The Ukrainians celebrated this Sunday the passion, death and resurrection of Christ a week after the Catholics, due to the adjustments of Pope Gregory XIII in 1582, which corrected the delay of 10 accumulated days in the calendar of Julius Caesar from 46 BC Although the Pope Francis has proposed to unify the celebrations, the Orthodox Church has preferred to keep the traditional calendar. “It is a party that unites the family. Now we are at war and it is more important than ever to continue with our traditions, ”Kurchenko defends without the scarf with which he covers his head moving one iota. “So now I’m going to spend the rest of the holiday with my husband and children,” she says, saying goodbye with a huge smile. The biggest smile of the saddest Easter.
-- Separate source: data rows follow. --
(* Directions v strictly inside the half-cone also have alpha^-(v) = infinity: for finite Z,
   [H_v + Z] lies in the closed union of H_v and H_w(a), where w is the steepest cone direction, and
   ell_v^- leaves H_w(a) after finitely many sites because <perp v, w> > 0. *)
lemma alpha_infinite_in_cone:
  assumes rules: "\<forall>X\<in>U. \<exists>y\<in>X. \<forall>w\<in>cone u k. 0 \<le> ip y w"
    and u: "u \<in> S1" and k: "0 < k"
    and v: "v \<in> S1" "v \<in> cone u (k/2)" and tilt: "0 < dot v (perp u)"
  shows "alpha_minus U v = \<infinity>"
proof -
  define w where "w = comb 1 u k (perp u)"
  have Fw: "dot w u = 1" and Gw: "dot w (perp u) = k"
    using orthonormal_frame[OF u] by (simp_all add: w_def dot_comb)
  have w_cone: "w \<in> cone u k" using Fw Gw k by (simp add: cone_def)
  have v_cone: "v \<in> cone u k" using v(2) cone_mono[of "k/2" k u] k by auto
  have w0: "w \<noteq> (0,0)" using Fw by (auto simp: dot_def)
  have "dot (perp v) w = k * dot v u - dot v (perp u)"
    unfolding dot_decomp[OF u, of "perp v" w] Fw Gw dot_perp_left[of v u] dot_perp_perp by simp
  then have steep: "0 < dot (perp v) w" using v(2) tilt by (simp add: cone_def)
  have "finite (span U (halfplane v (0,0) \<union> Z) \<inter> ell_minus v)" if Z: "finite Z" for Z
  proof -
    obtain a where a: "\<forall>z\<in>Z. ip z w < ip a w" using far_site[OF Z w0] by blast
    let ?A = "halfplane v (0,0) \<union> halfplane w a"
    have "span U ?A = ?A" using v_cone w_cone
      by (intro span_fixed_by_cone_rules[OF rules] compl_shift_closed_Un compl_shift_closed_halfplane) auto
    moreover have "halfplane v (0,0) \<union> Z \<subseteq> ?A" using a by (auto simp: mem_halfplane)
    ultimately have "span U (halfplane v (0,0) \<union> Z) \<subseteq> ?A" using span_mono by metis
    then have "span U (halfplane v (0,0) \<union> Z) \<inter> ell_minus v
        \<subseteq> {x. ip x v = 0 \<and> 0 \<le> ip x (perp v) \<and> ip x w < ip a w}"
      by (auto simp: ell_minus_eq mem_halfplane)
    then show ?thesis using ray_finite[OF v(1) steep] by (rule finite_subset)
  qed
  then have no_witness:
    "{Z. finite Z \<and> infinite (span U (halfplane v (0,0) \<union> Z) \<inter> ell_minus v)} = {}"
    by blast
  show ?thesis unfolding alpha_minus_def no_witness by (simp add: top_enat_def)
qed

lemma alpha_infinite_on_half_cone:
  assumes rules: "\<forall>X\<in>U. \<exists>y\<in>X. \<forall>w\<in>cone u k. 0 \<le> ip y w"
    and u: "u \<in> S1" and k: "0 < k" and alpha: "alpha_minus U u = \<infinity>"
    and v: "v \<in> S1" "v \<in> cone u (k/2)"
  shows "alpha_minus U v = \<infinity>"
proof (cases "dot v (perp u) = 0")
  case True
  then have "v = u" using cone_boundary[OF u _ v] k by simp
  then show ?thesis using alpha by simp
next
  case False
  then have "0 < dot v (perp u)" using v(2) by (simp add: cone_def)
  then show ?thesis by (rule alpha_infinite_in_cone[OF rules u k v])
qed
(* Given a Stackelberg game $(G,L,F)$, the problem f-SCE-PA of finding some SCE-PA $\mathbf{x}\in\mathbf{X}^{SCE\text{-}PA}$ can be solved with $|L|+1$ queries to a stability oracle $\mathcal{O}$ for $G$.
   Context: A finite game is $G=(N,\{S_p\}_{p\in N},\{u_p\}_{p\in N})$ with players $N=\{1,\dots,n\}$, finite nonempty strategy sets $S_p$, and utilities $u_p:S\to\mathbb{R}$ on $S=\prod_{p\in N}S_p$; write $s=(s_p,s_{-p})$ with $s_{-p}\in S_{-p}=\prod_{q\neq p}S_q$. $\mathcal{X}=\Delta(S)$ is the set of probability distributions on $S$ and $u_p(x)=\sum_{s\in S}x(s)u_p(s)$ for $x\in\mathcal{X}$. For $P\subseteq N$, $\mathcal{X}^{CE}_P$ is the set of $x\in\mathcal{X}$ such that for every $p\in P$ and all $s_p\neq s_p'\in S_p$: $\sum_{s_{-p}\in S_{-p}} x(s_p,s_{-p})\,(u_p(s_p,s_{-p})-u_p(s_p',s_{-p}))\ge 0$; $\mathcal{X}^{CE}=\mathcal{X}^{CE}_N$ is the set of correlated equilibria of $G$. A Stackelberg game (SG) is a triple $(G,L,F)$ with $L\cup F=N$ and $L\cap F=\emptyset$ (leaders and followers). For $P\subseteq N$, $\Pi_P$ is the set of ordered subsets of $P$ (finite sequences of pairwise distinct elements of $P$, including the empty sequence $\varnothing$); for $\pi\in\Pi_P$ and $p\in P$ not occurring in $\pi$, $\pi p$ is $\pi$ with $p$ appended; when used as a set, $\pi$ means its set of entries. $\mathbf{X}=\prod_{\pi\in\Pi_L}\mathcal{X}^{CE}_{\pi\cup F}$, with elements $\mathbf{x}=[x_\pi]_{\pi\in\Pi_L}$. For $\mathbf{x}\in\mathbf{X}$ and $\pi\in\Pi_L$, $x_\pi$ is stable if $u_p(x_\pi)\ge u_p(x_{\pi p})$ for all $p\in L\setminus\pi$; $\mathbf{x}$ is stable if $x_\varnothing$ is stable, and perfectly stable if $x_\pi$ is stable for every $\pi\in\Pi_L$; $\mathbf{X}^{S}$ and $\mathbf{X}^{PS}$ denote the sets of stable and perfectly stable elements of $\mathbf{X}$. For $\mathbf{X}'\subseteq\mathbf{X}$ and $\pi\in\Pi_L$, $\mathcal{P}_{L\setminus\pi}(\mathbf{X}')$ is the set of Pareto optimal elements of $\{x'_\pi:\mathbf{x}'\in\mathbf{X}'\}$ with respect to the objectives $u_p$, $p\in L\setminus\pi$ (an element $y$ of the set is Pareto optimal if no $y'$ in the set satisfies $u_p(y')\ge u_p(y)$ for all $p\in L\setminus\pi$ with strict inequality for some such $p$). $\mathbf{x}\in\mathbf{X}$ is an SCE-PA if $\mathbf{x}\in\mathbf{X}^{PS}$ and $x_\varnothing\in\mathcal{P}_L(\mathbf{X}^{PS})$; $\mathbf{X}^{SCE\text{-}PA}$ is the set of SCE-PAs. A stability oracle $\mathcal{O}(G,c,L^\ast,\{x_p\}_{p\in L'})$ is an algorithm that, given the game $G$, a coefficient vector $c=[c_p]\in[-1,1]^n$, a set $L^\ast\subseteq N$, and distributions $x_p\in\mathcal{X}$ for $p$ in some $L'\subseteq L^\ast$, returns some $x\in\mathcal{X}^{CE}_{N\setminus L^\ast}$ maximizing $\sum_{p\in N}\sum_{s\in S}c_pu_p(s)x(s)$ subject to the stability constraints $u_p(x)\ge u_p(x_p)$ for all $p\in L'$. *)

theory Defs
  imports Complex_Main "HOL-Library.FuncSet"
begin

text \<open>A finite game: players N (finite set of type 'p), strategy sets S p (of type 's),
  utilities u p on strategy profiles.\<close>

type_synonym ('p,'s) dist = "('p \<Rightarrow> 's) \<Rightarrow> real"

definition is_dist :: "'p set \<Rightarrow> ('p \<Rightarrow> 's set) \<Rightarrow> ('p,'s) dist \<Rightarrow> bool" where
  "is_dist N S x \<longleftrightarrow> (\<forall>s. 0 \<le> x s) \<and> (\<forall>s. s \<notin> PiE N S \<longrightarrow> x s = 0)
     \<and> (\<Sum>s\<in>PiE N S. x s) = 1"

definition Eutil :: "'p set \<Rightarrow> ('p \<Rightarrow> 's set) \<Rightarrow> ('p \<Rightarrow> ('p \<Rightarrow> 's) \<Rightarrow> real)
    \<Rightarrow> 'p \<Rightarrow> ('p,'s) dist \<Rightarrow> real" where
  "Eutil N S u p x = (\<Sum>s\<in>PiE N S. x s * u p s)"

definition CE :: "'p set \<Rightarrow> ('p \<Rightarrow> 's set) \<Rightarrow> ('p \<Rightarrow> ('p \<Rightarrow> 's) \<Rightarrow> real)
    \<Rightarrow> 'p set \<Rightarrow> ('p,'s) dist set" where
  "CE N S u P = {x. is_dist N S x \<and>
     (\<forall>p\<in>P. \<forall>a\<in>S p. \<forall>a'\<in>S p. a \<noteq> a' \<longrightarrow>
        0 \<le> (\<Sum>s\<in>{s\<in>PiE N S. s p = a}. x s * (u p s - u p (s(p := a')))))}"

definition ordsubs :: "'p set \<Rightarrow> 'p list set" where
  "ordsubs P = {\<pi>. distinct \<pi> \<and> set \<pi> \<subseteq> P}"

definition BigX :: "'p set \<Rightarrow> ('p \<Rightarrow> 's set) \<Rightarrow> ('p \<Rightarrow> ('p \<Rightarrow> 's) \<Rightarrow> real)
    \<Rightarrow> 'p set \<Rightarrow> 'p set \<Rightarrow> ('p list \<Rightarrow> ('p,'s) dist) set" where
  "BigX N S u L F = {xx. \<forall>\<pi>\<in>ordsubs L. xx \<pi> \<in> CE N S u (set \<pi> \<union> F)}"

definition stable_at :: "'p set \<Rightarrow> ('p \<Rightarrow> 's set) \<Rightarrow> ('p \<Rightarrow> ('p \<Rightarrow> 's) \<Rightarrow> real)
    \<Rightarrow> 'p set \<Rightarrow> ('p list \<Rightarrow> ('p,'s) dist) \<Rightarrow> 'p list \<Rightarrow> bool" where
  "stable_at N S u L xx \<pi> \<longleftrightarrow>
     (\<forall>p\<in>L - set \<pi>. Eutil N S u p (xx \<pi>) \<ge> Eutil N S u p (xx (\<pi> @ [p])))"

definition XS :: "'p set \<Rightarrow> ('p \<Rightarrow> 's set) \<Rightarrow> ('p \<Rightarrow> ('p \<Rightarrow> 's) \<Rightarrow> real)
    \<Rightarrow> 'p set \<Rightarrow> 'p set \<Rightarrow> ('p list \<Rightarrow> ('p,'s) dist) set" where
  "XS N S u L F = {xx \<in> BigX N S u L F. stable_at N S u L xx []}"

definition XPS :: "'p set \<Rightarrow> ('p \<Rightarrow> 's set) \<Rightarrow> ('p \<Rightarrow> ('p \<Rightarrow> 's) \<Rightarrow> real)
    \<Rightarrow> 'p set \<Rightarrow> 'p set \<Rightarrow> ('p list \<Rightarrow> ('p,'s) dist) set" where
  "XPS N S u L F = {xx \<in> BigX N S u L F. \<forall>\<pi>\<in>ordsubs L. stable_at N S u L xx \<pi>}"

definition pareto :: "'p set \<Rightarrow> ('p \<Rightarrow> 's set) \<Rightarrow> ('p \<Rightarrow> ('p \<Rightarrow> 's) \<Rightarrow> real)
    \<Rightarrow> 'p set \<Rightarrow> 'p list \<Rightarrow> ('p list \<Rightarrow> ('p,'s) dist) set \<Rightarrow> ('p,'s) dist set" where
  "pareto N S u L \<pi> X' =
    (let Y = (\<lambda>xx. xx \<pi>) ` X' in
     {y\<in>Y. \<not> (\<exists>y'\<in>Y. (\<forall>p\<in>L - set \<pi>. Eutil N S u p y' \<ge> Eutil N S u p y)
                      \<and> (\<exists>p\<in>L - set \<pi>. Eutil N S u p y' > Eutil N S u p y))})"

definition SCE_PA :: "'p set \<Rightarrow> ('p \<Rightarrow> 's set) \<Rightarrow> ('p \<Rightarrow> ('p \<Rightarrow> 's) \<Rightarrow> real)
    \<Rightarrow> 'p set \<Rightarrow> 'p set \<Rightarrow> ('p list \<Rightarrow> ('p,'s) dist) set" where
  "SCE_PA N S u L F = {xx \<in> XPS N S u L F. xx [] \<in> pareto N S u L [] (XPS N S u L F)}"

text \<open>Stability oracle for the game (N,S,u). A query is (c, L*, xs) where xs is a partial map
  giving x_p for p in L' = dom xs. The answer is a distribution.\<close>
type_synonym ('p,'s) query = "('p \<Rightarrow> real) \<times> 'p set \<times> ('p \<Rightarrow> ('p,'s) dist option)"

definition oracle_feasible :: "'p set \<Rightarrow> ('p \<Rightarrow> 's set) \<Rightarrow> ('p \<Rightarrow> ('p \<Rightarrow> 's) \<Rightarrow> real)
    \<Rightarrow> 'p set \<Rightarrow> ('p \<Rightarrow> ('p,'s) dist option) \<Rightarrow> ('p,'s) dist set" where
  "oracle_feasible N S u Ls xs =
     {x \<in> CE N S u (N - Ls). \<forall>p y. xs p = Some y \<longrightarrow> Eutil N S u p x \<ge> Eutil N S u p y}"

definition oracle_obj :: "'p set \<Rightarrow> ('p \<Rightarrow> 's set) \<Rightarrow> ('p \<Rightarrow> ('p \<Rightarrow> 's) \<Rightarrow> real)
    \<Rightarrow> ('p \<Rightarrow> real) \<Rightarrow> ('p,'s) dist \<Rightarrow> real" where
  "oracle_obj N S u c x = (\<Sum>p\<in>N. \<Sum>s\<in>PiE N S. c p * u p s * x s)"

text \<open>A valid stability oracle: on every well-formed query whose problem is feasible, it returns
  a maximizer (any one). On ill-formed or infeasible queries its answer is unconstrained.\<close>
definition valid_oracle :: "'p set \<Rightarrow> ('p \<Rightarrow> 's set) \<Rightarrow> ('p \<Rightarrow> ('p \<Rightarrow> 's) \<Rightarrow> real)
    \<Rightarrow> (('p,'s) query \<Rightarrow> ('p,'s) dist) \<Rightarrow> bool" where
  "valid_oracle N S u orc \<longleftrightarrow>
    (\<forall>c Ls xs. (\<forall>p\<in>N. \<bar>c p\<bar> \<le> 1) \<and> Ls \<subseteq> N \<and> dom xs \<subseteq> Ls
       \<and> (\<forall>p y. xs p = Some y \<longrightarrow> is_dist N S y)
       \<and> oracle_feasible N S u Ls xs \<noteq> {}
     \<longrightarrow> orc (c, Ls, xs) \<in> oracle_feasible N S u Ls xs
         \<and> (\<forall>y\<in>oracle_feasible N S u Ls xs.
               oracle_obj N S u c y \<le> oracle_obj N S u c (orc (c, Ls, xs))))"

text \<open>Adaptive oracle algorithms: either return a result, or ask a query and continue
  depending on the answer.\<close>
datatype ('q,'a,'r) oprog = Ret 'r | Ask 'q "'a \<Rightarrow> ('q,'a,'r) oprog"

primrec run :: "('q \<Rightarrow> 'a) \<Rightarrow> ('q,'a,'r) oprog \<Rightarrow> 'r" where
  "run orc (Ret r) = r"
| "run orc (Ask q k) = run orc (k (orc q))"

primrec num_queries :: "('q \<Rightarrow> 'a) \<Rightarrow> ('q,'a,'r) oprog \<Rightarrow> nat" where
  "num_queries orc (Ret r) = 0"
| "num_queries orc (Ask q k) = Suc (num_queries orc (k (orc q)))"

end

theory Submission
  imports Defs
begin

text \<open>For each leader \<open>p\<close> one oracle query yields a correlated equilibrium \<open>W\<^sub>p\<close> of the whole game
  that minimises \<open>u\<^sub>p\<close>, the threat of the other players against \<open>p\<close>; a last query maximises the
  leaders' total utility over the equilibria of the followers that give every leader at least
  its threat value. Answering the empty sequence by this maximiser and every other sequence by
  the threat point of its last leader is perfectly stable, since a leader who commits only gets
  its threat value, and the maximiser is Pareto optimal among all perfectly stable choices. The
  queries are well posed because correlated equilibria exist (Hart and Schmeidler), which follows
  from Fourier--Motzkin elimination and the existence of stationary distributions.\<close>

inductive_set positive_combinations :: "('j \<Rightarrow> real) set \<Rightarrow> ('j \<Rightarrow> real) set" for R where
  gen: "r \<in> R \<Longrightarrow> r \<in> positive_combinations R"
| add: "v \<in> positive_combinations R \<Longrightarrow> w \<in> positive_combinations R
          \<Longrightarrow> (\<lambda>j. v j + w j) \<in> positive_combinations R"
| scale: "c > 0 \<Longrightarrow> v \<in> positive_combinations R \<Longrightarrow> (\<lambda>j. c * v j) \<in> positive_combinations R"
lemma staircase_character:
  assumes "z \<in> torus" "fst z \<noteq> 1" "snd z \<noteq> 1"
  shows "fst z * snd z ^ k = cis (2*pi*(staircase_height k z - 1/2))"
proof -
  have "staircase_height k z - 1/2 = of_int 1 * turns (fst z) + of_int (int k) * turns (snd z)"
    by (simp add: staircase_height_def)
  hence "cis (2*pi*(staircase_height k z - 1/2))
      = cis (2*pi*turns (fst z)) powi 1 * cis (2*pi*turns (snd z)) powi (int k)"
    by (simp only: cis_lin_comb)
  also have "\<dots> = fst z * snd z ^ k"
    using assms by (simp add: turns_props torus_iff)
  finally show ?thesis ..
qed

lemma mem_staircase_complement:
  "z \<in> staircase_complement k \<longleftrightarrow>
     z \<in> torus \<and> fst z \<noteq> 1 \<and> snd z \<noteq> 1 \<and> staircase_height k z \<notin> \<int>"
proof -
  have "fst z * snd z ^ k = -1 \<longleftrightarrow> staircase_height k z \<in> \<int>"
    if "z \<in> torus" "fst z \<noteq> 1" "snd z \<noteq> 1"
  proof -
    have "fst z * snd z ^ k = -1 \<longleftrightarrow> staircase_height k z - 1/2 - 1/2 \<in> \<int>"
      using cis_2pi_eq_iff[of "staircase_height k z - 1/2" "1/2"]
      by (simp add: staircase_character[OF that])
    thus ?thesis
      by (simp add: diff_diff_eq del: Ints_diff)
  qed
  thus ?thesis
    unfolding staircase_complement_def staircase_def staircase_lines by auto
qed

lemma staircase_height_torus_map:
  assumes "0 < x" "x < 1" "0 < y" "y < 1"
  shows "staircase_height k (torus_map (x, y)) = x + real k * y + 1/2"
  unfolding staircase_height_def torus_map_def fst_conv snd_conv
            turns_cis[OF assms(1,2)] turns_cis[OF assms(3,4)] ..

lemma continuous_on_staircase_height: "continuous_on (staircase_complement k) (staircase_height k)"
proof -
  have "continuous_on (staircase_complement k) (\<lambda>z. turns (fst z))"
       "continuous_on (staircase_complement k) (\<lambda>z. turns (snd z))"
    by (intro continuous_on_turns continuous_on_fst continuous_on_snd continuous_on_id;
        simp add: mem_staircase_complement torus_iff)+
  thus ?thesis
    unfolding staircase_height_def[abs_def]
    by (intro continuous_on_add continuous_on_mult continuous_on_const)
qed
(* Let $f:\mathbb{R}\to(0,\infty)$ be $C^4$, unimodal with maximum at $0$, of the form $f=e^{-H}$ with $H$ regularly varying (there is $\alpha>0$ with $H(tx)/H(t)\to x^\alpha$ as $|t|\to\infty$ for all $x>0$), and with $|(\log f)''''|<M$ for some $M>0$. Suppose there exists $\gamma>0$ such that $|\mathrm{Var}_{g_\beta}(Y^2)-2|=\mathcal{O}(\beta^{-\gamma})$ as $\beta\to\infty$, where $g_\beta(y)\propto f^\beta\big(y/\sqrt{-\beta h''(0)}\big)$ is a probability density. Then, as $\beta\to\infty$, $$\tfrac12V(\beta)-I(\beta)=\mathcal{O}(\beta^{-k}),$$ where in general $k=\min\{2+\gamma,5/2\}$, but if $h'''(0)=0$ then $k=\min\{2+\gamma,3\}$.
   Context: $h=\log f$, $k(x)=xh'(x)$; $\mathrm{Var}_\beta,\mathrm{Cov}_\beta$ are moments under $f^\beta/\int f^\beta$. $I(\beta)=\mathrm{Var}_\beta(h(X))$ and $V(\beta)=\mathrm{Cov}_\beta(h(X),k(X))$. *)

theory Defs
  imports "HOL-Analysis.Analysis" "HOL-Library.Landau_Symbols"
begin

definition wmean :: "(real \<Rightarrow> real) \<Rightarrow> (real \<Rightarrow> real) \<Rightarrow> real" where
  "wmean w \<phi> = (\<integral>x. \<phi> x * w x \<partial>lborel) / (\<integral>x. w x \<partial>lborel)"

definition wvar :: "(real \<Rightarrow> real) \<Rightarrow> (real \<Rightarrow> real) \<Rightarrow> real" where
  "wvar w \<phi> = wmean w (\<lambda>x. (\<phi> x)^2) - (wmean w \<phi>)^2"

definition wcov :: "(real \<Rightarrow> real) \<Rightarrow> (real \<Rightarrow> real) \<Rightarrow> (real \<Rightarrow> real) \<Rightarrow> real" where
  "wcov w \<phi> \<psi> = wmean w (\<lambda>x. \<phi> x * \<psi> x) - wmean w \<phi> * wmean w \<psi>"

definition hfun :: "(real \<Rightarrow> real) \<Rightarrow> real \<Rightarrow> real" where
  "hfun f = (\<lambda>x. ln (f x))"

definition kfun :: "(real \<Rightarrow> real) \<Rightarrow> real \<Rightarrow> real" where
  "kfun f = (\<lambda>x. x * deriv (hfun f) x)"

definition tilt :: "(real \<Rightarrow> real) \<Rightarrow> real \<Rightarrow> real \<Rightarrow> real" where
  "tilt f \<beta> = (\<lambda>x. f x powr \<beta>)"

definition Ifun :: "(real \<Rightarrow> real) \<Rightarrow> real \<Rightarrow> real" where
  "Ifun f \<beta> = wvar (tilt f \<beta>) (hfun f)"

definition Vfun :: "(real \<Rightarrow> real) \<Rightarrow> real \<Rightarrow> real" where
  "Vfun f \<beta> = wcov (tilt f \<beta>) (hfun f) (kfun f)"

definition gdens :: "(real \<Rightarrow> real) \<Rightarrow> real \<Rightarrow> real \<Rightarrow> real" where
  "gdens f \<beta> = (\<lambda>y. f (y / sqrt (- \<beta> * (deriv ^^ 2) (hfun f) 0)) powr \<beta>)"

end

theory Submission
  imports Defs "HOL-Probability.Distributions" "HOL-Probability.Sinc_Integral" "HOL-Real_Asymp.Real_Asymp"
begin

(* Write h = log f = h(0) + U and D(x) = x h'(x)/2 - U(x). Then k/2 - h = D - h(0), and bilinearity
   of the covariance gives V/2 - I = Cov_beta(U, D). Taylor expansion of h at its maximum 0 yields
   |U(x)| <= C (x^2 + x^4) and |D(x)| <= C (|x|^3 + x^4), even |D(x)| <= C x^4 if h'''(0) = 0,
   because D vanishes for quadratic h. Under the tilted density, proportional to exp(beta U),
   Laplace's method gives E|x|^m = O(beta^(-m/2)): near 0 compare with a Gaussian of variance
   of order 1/beta, away from 0 the weight is exponentially small, and the tails are harmless since
   a regularly varying H grows at least like a power. Hence |Cov(U, D)| <= E|U D| + E|U| E|D| is
   O(beta^(-5/2)), and O(beta^(-3)) if h'''(0) = 0, which implies the claim for every gamma > 0.
   The variance hypothesis is used only to rule out h''(0) = 0. *)

section \<open>Functions with derivatives up to a given order\<close>

definition higher_differentiable :: "nat \<Rightarrow> (real \<Rightarrow> real) \<Rightarrow> bool" where
  "higher_differentiable n g \<longleftrightarrow>
     (\<forall>m<n. \<forall>x. ((deriv ^^ m) g has_real_derivative (deriv ^^ Suc m) g x) (at x))"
Blessing under the bombs in Dnipro

A parish priest blesses parishioners and their food in Dnipro on Sunday.
A parish priest blesses parishioners and their food in Dnipro on Sunday.ALBERT GARCIA


In Dnipro, where a shelling of railway tracks killed a man on Saturday, dozens of people have gathered at Orthodox churches to receive food blessings and attend Easter services. The city, in the center-east of the country, an important key communications hub for supplies for the Ukrainian troops, has become a transit point for thousands of displaced people from the eastern and southern fronts.

Like Larissa, from the Donetsk region, extremely punished in this second phase of the war, who fled her home with her young daughter last week. The woman, her hair covered, prays in front of a small church of the Ukrainian Patriarchate in the city center. One of the three built recently, after the split of the Moscow patriarchate, which the Ukrainian government considers the religious arm of the Kremlin. “I don’t know where to go, I would like to go back to my house, but my neighbors say that the situation there is horrible”, she laments.